# Book Raffle - Willy Voet: Breaking The Chain



## dmoan (24 Nov 2009)

For release into the CycleChat diaspora - a copy of Willy Voet's _Breaking The Chain - Drugs & Cycling: The True Story_.

The story of the 1998 Festina Scandal - a gripping tale of skulduggery, lies and winning at all costs.

Anyone interested, post your name down below - draw to take place this weekend.
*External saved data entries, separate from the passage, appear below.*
lemma connected_Xprime:
  assumes "connected X" "compact X" "continuous_on UNIV (fmap a b c)"
    and "\<And>p. p \<in> X \<Longrightarrow> fmap a b c p \<in> simplexT"
  shows "connected (Xprime X a b c)"
proof -
  let ?X' = "Xprime X a b c"
  have "connected (?X' \<inter> fst -` X)"
  proof (rule connected_closed_monotone_preimage)
    show "continuous_on ?X' fst"
      by (rule continuous_on_fst[OF continuous_on_id])
    show "fst ` ?X' = X"
      using assms(4) by (rule fst_image_Xprime)
    then show "closedin (top_of_set X) (fst ` C)" if "closedin (top_of_set ?X') C" for C
      using closed_map_fst_compact[OF compact_Xprime[OF assms(2,3)]] that
      by (simp add: closed_map_def)
    show "connected (?X' \<inter> fst -` {p})" if "p \<in> X" for p
      using connected_Xprime_fst_fibre[OF that] by (simp add: vimage_def Int_def)
  qed (use assms(1) in auto)
  moreover have "?X' \<inter> fst -` X = ?X'"
    by (auto simp: Xprime_def)
  ultimately show ?thesis
    by simp
qed

lemma Xprime_fst_preimage_subset_sides:
  shows "Xprime X a b c \<inter> fst -` a \<subseteq> X \<times> sideA \<times> {0..1}"
    and "Xprime X a b c \<inter> fst -` b \<subseteq> X \<times> sideB \<times> {0..1}"
    and "Xprime X a b c \<inter> fst -` c \<subseteq> X \<times> sideC \<times> {0..1}"
proof -
  have face: "v \<in> simplexT \<and> e \<bullet> v = 0"
    if "(p, v, t) \<in> Xprime X a b c" "e \<in> Basis" "e \<bullet> fmap a b c p = 0" for p v t e
    using that inner_Basis_hmap_eq_0[of v t e] rel_frontier_simplexT_subset
    by (auto simp: Xprime_def)
  show "Xprime X a b c \<inter> fst -` a \<subseteq> X \<times> sideA \<times> {0..1}"
    using face[of _ _ _ "(1, 0, 0)"]
    by (fastforce simp: sideA_eq Basis_real_triple fmap_def kappa_def Xprime_def)
  show "Xprime X a b c \<inter> fst -` b \<subseteq> X \<times> sideB \<times> {0..1}"
    using face[of _ _ _ "(0, 1, 0)"]
    by (fastforce simp: sideB_eq Basis_real_triple fmap_def kappa_def Xprime_def)
  show "Xprime X a b c \<inter> fst -` c \<subseteq> X \<times> sideC \<times> {0..1}"
    using face[of _ _ _ "(0, 0, 1)"]
    by (fastforce simp: sideC_eq Basis_real_triple fmap_def kappa_def Xprime_def)
qed

lemma Xprime_subset_sides: "Xprime X a b c \<subseteq> X \<times> (sideA \<union> sideB \<union> sideC) \<times> {0..1}"
  by (auto simp: Xprime_def rel_frontier_simplexT_eq_sides)

theorem mainTheorem6:
  fixes X a b c :: "'a::metric_space set"
  assumes "compact X" and "connected X" and "X \<noteq> {}"
    and "\<forall>p\<in>X. \<forall>p'\<in>X. dist p p' \<le> 1"
    and "a \<subseteq> X" and "b \<subseteq> X" and "c \<subseteq> X"
    and "a \<noteq> {}" and "b \<noteq> {}" and "c \<noteq> {}"
    and "closed a" and "closed b" and "closed c"
    and "a \<inter> b \<inter> c = {}"
  shows "compact (Xprime X a b c) \<and> connected (Xprime X a b c) \<and> Xprime X a b c \<noteq> {}
    \<and> continuous_on (Xprime X a b c) fst
    \<and> closed_map (top_of_set (Xprime X a b c)) (top_of_set X) fst
    \<and> fst ` Xprime X a b c = X
    \<and> (\<forall>p\<in>X. connected {w \<in> Xprime X a b c. fst w = p})
    \<and> Xprime X a b c \<inter> fst -` a \<subseteq> Xprime X a b c \<inter> (X \<times> sideA \<times> {0..1})
    \<and> Xprime X a b c \<inter> fst -` b \<subseteq> Xprime X a b c \<inter> (X \<times> sideB \<times> {0..1})
    \<and> Xprime X a b c \<inter> fst -` c \<subseteq> Xprime X a b c \<inter> (X \<times> sideC \<times> {0..1})
    \<and> (Xprime X a b c \<inter> (X \<times> sideA \<times> {0..1})) \<inter> (Xprime X a b c \<inter> (X \<times> sideB \<times> {0..1}))
        \<inter> (Xprime X a b c \<inter> (X \<times> sideC \<times> {0..1})) = {}
    \<and> (Xprime X a b c \<inter> (X \<times> sideA \<times> {0..1})) \<union> (Xprime X a b c \<inter> (X \<times> sideB \<times> {0..1}))
        \<union> (Xprime X a b c \<inter> (X \<times> sideC \<times> {0..1})) = Xprime X a b c"
proof -
  let ?X' = "Xprime X a b c"
  have pos: "0 < infdist p a + infdist p b + infdist p c" for p
    using assms(8-14) by (intro infdist_sum_pos) auto
  then have in_T: "fmap a b c p \<in> simplexT" for p
    by (rule fmap_in_simplexT)
  have cont: "continuous_on UNIV (fmap a b c)"
    using pos by (rule continuous_on_fmap)
  have cpt: "compact ?X'"
    using assms(1) cont by (rule compact_Xprime)
  have surj: "fst ` ?X' = X"
    using in_T by (rule fst_image_Xprime)
  show ?thesis
  proof (intro conjI ballI)
    show "connected ?X'"
      using assms(2,1) cont in_T by (rule connected_Xprime)
    show "?X' \<noteq> {}"
      using surj assms(3) by auto
    show "continuous_on ?X' fst"
      by (rule continuous_on_fst[OF continuous_on_id])
    show "closed_map (top_of_set ?X') (top_of_set X) fst"
      using cpt surj by (rule closed_map_fst_compact)
    show "connected {w \<in> ?X'. fst w = p}" if "p \<in> X" for p
      using that by (rule connected_Xprime_fst_fibre)
    show "(?X' \<inter> (X \<times> sideA \<times> {0..1})) \<inter> (?X' \<inter> (X \<times> sideB \<times> {0..1}))
        \<inter> (?X' \<inter> (X \<times> sideC \<times> {0..1})) = {}"
      using sides_Int_empty by auto
    show "(?X' \<inter> (X \<times> sideA \<times> {0..1})) \<union> (?X' \<inter> (X \<times> sideB \<times> {0..1}))
        \<union> (?X' \<inter> (X \<times> sideC \<times> {0..1})) = ?X'"
      using Xprime_subset_sides[of X a b c] by blast
  qed (use cpt surj Xprime_fst_preimage_subset_sides[of X a b c] in blast)+
qed

end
First name out of the hat wins!


----------



## JiMBR (25 Nov 2009)

Please


----------



## ChrisKH (25 Nov 2009)

Me please.


----------



## cisamcgu (25 Nov 2009)

Yes please


----------



## ComedyPilot (25 Nov 2009)

S'il vous plait


----------



## longers (25 Nov 2009)

Perhaps you could draw two names out the hat Mr Moan?

I've got a copy knocking around here that I was sure I'd posted out but never got round to doing the raffle


----------



## addictfreak (25 Nov 2009)

Yes please


----------



## dmoan (25 Nov 2009)

longers said:


> Perhaps you could draw two names out the hat Mr Moan?
> 
> I've got a copy knocking around here that I was sure I'd posted out but never got round to doing the raffle



No problem!

Although, I bet you'll be right and disappointed if your name is one of them!


----------



## MrRidley (25 Nov 2009)

Me please.


----------



## longers (25 Nov 2009)

dmoan said:


> Although, I bet you'll be right and disappointed if your name is one of them!



Save me a few bob in postage though


----------



## Panter (25 Nov 2009)

Please


----------



## Telemark (25 Nov 2009)

Yes please!

T


----------



## dmoan (30 Nov 2009)

And the winner of my copy is ...

cisamcgu!

PM me your address details and I'll pop the book in the post tommorow!


----------



## dmoan (30 Nov 2009)

The winner of longer's copy is ...

panter!

Contact longers regarding posting etc!


----------